Yang, Lu, Wang, Yanhua, Liu, Aihua, Zhang, Yang
Journal of materials science 2019 v.54 no.16 pp. 11024-11036
Ulva, X-ray diffraction, X-ray photoelectron spectroscopy, adsorbents, adsorption, algae, biomass, carbon, carbonization, cobalt oxide, ethanol, magnetic fields, magnetic properties, models, molybdenum, nanoparticles, pH, scanning electron microscopy, sorption isotherms, transmission electron microscopes, washing
A novel biomass carbon doped with dual-metal oxide mischcrystal (cobalt oxide and molybdenum oxide) was synthesized by using Enteromorpha (EP) of marine algae as carbon source. Multi-wrinkles biomass carbon (MWBC) with magnetic properties was obtained and formed highly dispersed CoOₓ/MoOy nanoparticles onto the surface of MWBC in situ via a simple impregnation and direct carbonization at 700 °C. The framework of CoOₓ/MoOy@MWBC was characterized by scanning electron microscopy, transmission electron microscope, X-ray diffraction and X-ray photoelectron spectroscopy. The as-prepared CoOₓ/MoOy@MWBC was applied as efficient adsorbents for selective removal methyl blue (MB) at pH 10 from water medium. For comparison, single metal-derived porous carbon, i.e., CoOₓ@MWBC and MoOy@MWBC, was also synthesized, characterized and tested for MB adsorption.

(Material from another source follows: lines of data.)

(* Let $F$ be a field of characteristic zero and let $n\ge 2$. Let $C_n$ be the oriented cycle quiver with $n$ vertices and $FC_n$ its path algebra over $F$. Then $\mathrm{Id}(FC_n)=\mathrm{Id}(M_n(F))$.
   Context: The oriented cycle $C_n$ has vertices $1,\dots,n$ and arrows $i\to i+1$ for $1\le i<n$ and $n\to 1$. The path algebra $FC_n$ is the $F$-vector space with basis all paths of $C_n$ (including length-zero paths at each vertex), with product of paths $p,q$ equal to the concatenation $pq$ if the terminal vertex of $p$ equals the starting vertex of $q$, and $0$ otherwise. $M_n(F)$ is the algebra of $n\times n$ matrices over $F$. For an $F$-algebra $A$, $\mathrm{Id}(A)$ denotes the T-ideal of the free associative algebra $F\langle X\rangle$ consisting of all polynomial identities satisfied by $A$. *)

theory Defs
  imports Main "Jordan_Normal_Form.Matrix"
begin

text \<open>Elements of the free associative (unital) algebra over 'a on the countably
many variables x_0, x_1, ...: finitely supported coefficient functions on words
(a word is a list of variable indices; the empty word is the unit).\<close>

type_synonym 'a ncpoly = "nat list \<Rightarrow> 'a"

definition ncpolys :: "('a::zero) ncpoly set" where
  "ncpolys = {f. finite {w. f w \<noteq> 0}}"

definition mat_word :: "nat \<Rightarrow> (nat \<Rightarrow> 'a::field mat) \<Rightarrow> nat list \<Rightarrow> 'a mat" where
  "mat_word n s w = foldr (\<lambda>i acc. s i * acc) w (1\<^sub>m n)"

definition mat_eval :: "nat \<Rightarrow> 'a::field ncpoly \<Rightarrow> (nat \<Rightarrow> 'a mat) \<Rightarrow> 'a mat" where
  "mat_eval n f s = mat n n (\<lambda>(i,j). \<Sum>w\<in>{w. f w \<noteq> 0}. f w * mat_word n s w $$ (i,j))"

definition Id_mat :: "nat \<Rightarrow> 'a::field ncpoly set" where
  "Id_mat n = {f \<in> ncpolys. \<forall>s. (\<forall>i. s i \<in> carrier_mat n n) \<longrightarrow> mat_eval n f s = 0\<^sub>m n n}"

text \<open>Vertices of C_n are 0,...,n-1 (shifted from 1,...,n); the arrows are i -> (i+1) mod n.
A path of C_n is uniquely determined by its starting vertex i and its length k;
it ends at (i+k) mod n.  An element of F C_n is a finitely supported coefficient
function on the pairs (i,k) with i < n.  The product of the paths (i,k) and (j,l)
is (i,k+l) if (i+k) mod n = j, and 0 otherwise.\<close>

definition pa_carrier :: "nat \<Rightarrow> (nat \<times> nat \<Rightarrow> 'a::zero) set" where
  "pa_carrier n = {a. finite {p. a p \<noteq> 0} \<and> (\<forall>i k. a (i,k) \<noteq> 0 \<longrightarrow> i < n)}"

definition pa_mult :: "nat \<Rightarrow> (nat \<times> nat \<Rightarrow> 'a::field) \<Rightarrow> (nat \<times> nat \<Rightarrow> 'a) \<Rightarrow> (nat \<times> nat \<Rightarrow> 'a)" where
  "pa_mult n a b = (\<lambda>(i,m). \<Sum>k\<le>m. a (i,k) * b ((i+k) mod n, m-k))"

definition pa_one :: "nat \<Rightarrow> (nat \<times> nat \<Rightarrow> 'a::field)" where
  "pa_one n = (\<lambda>(i,k). if i < n \<and> k = 0 then 1 else 0)"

The results exhibited that CoOₓ/MoOy@MWBC has the highest MB adsorption capacity (1587.3 mg g⁻¹) and excellent selectivity. In addition, it could be easily separated from water by an external magnetic field without any organic reagent added. Adsorption equilibrium data were described by Langmuir and Freundlich isotherms, and kinetic data were described by pseudo-first-order, pseudo-second-order and intraparticle diffusion model. Moreover, CoOₓ/MoOy@MWBC also owned outstanding stability and renewability, which can be regenerated by an easy-going method of ethanol washing and reused at least 10 times without a significant loss in removal percentage.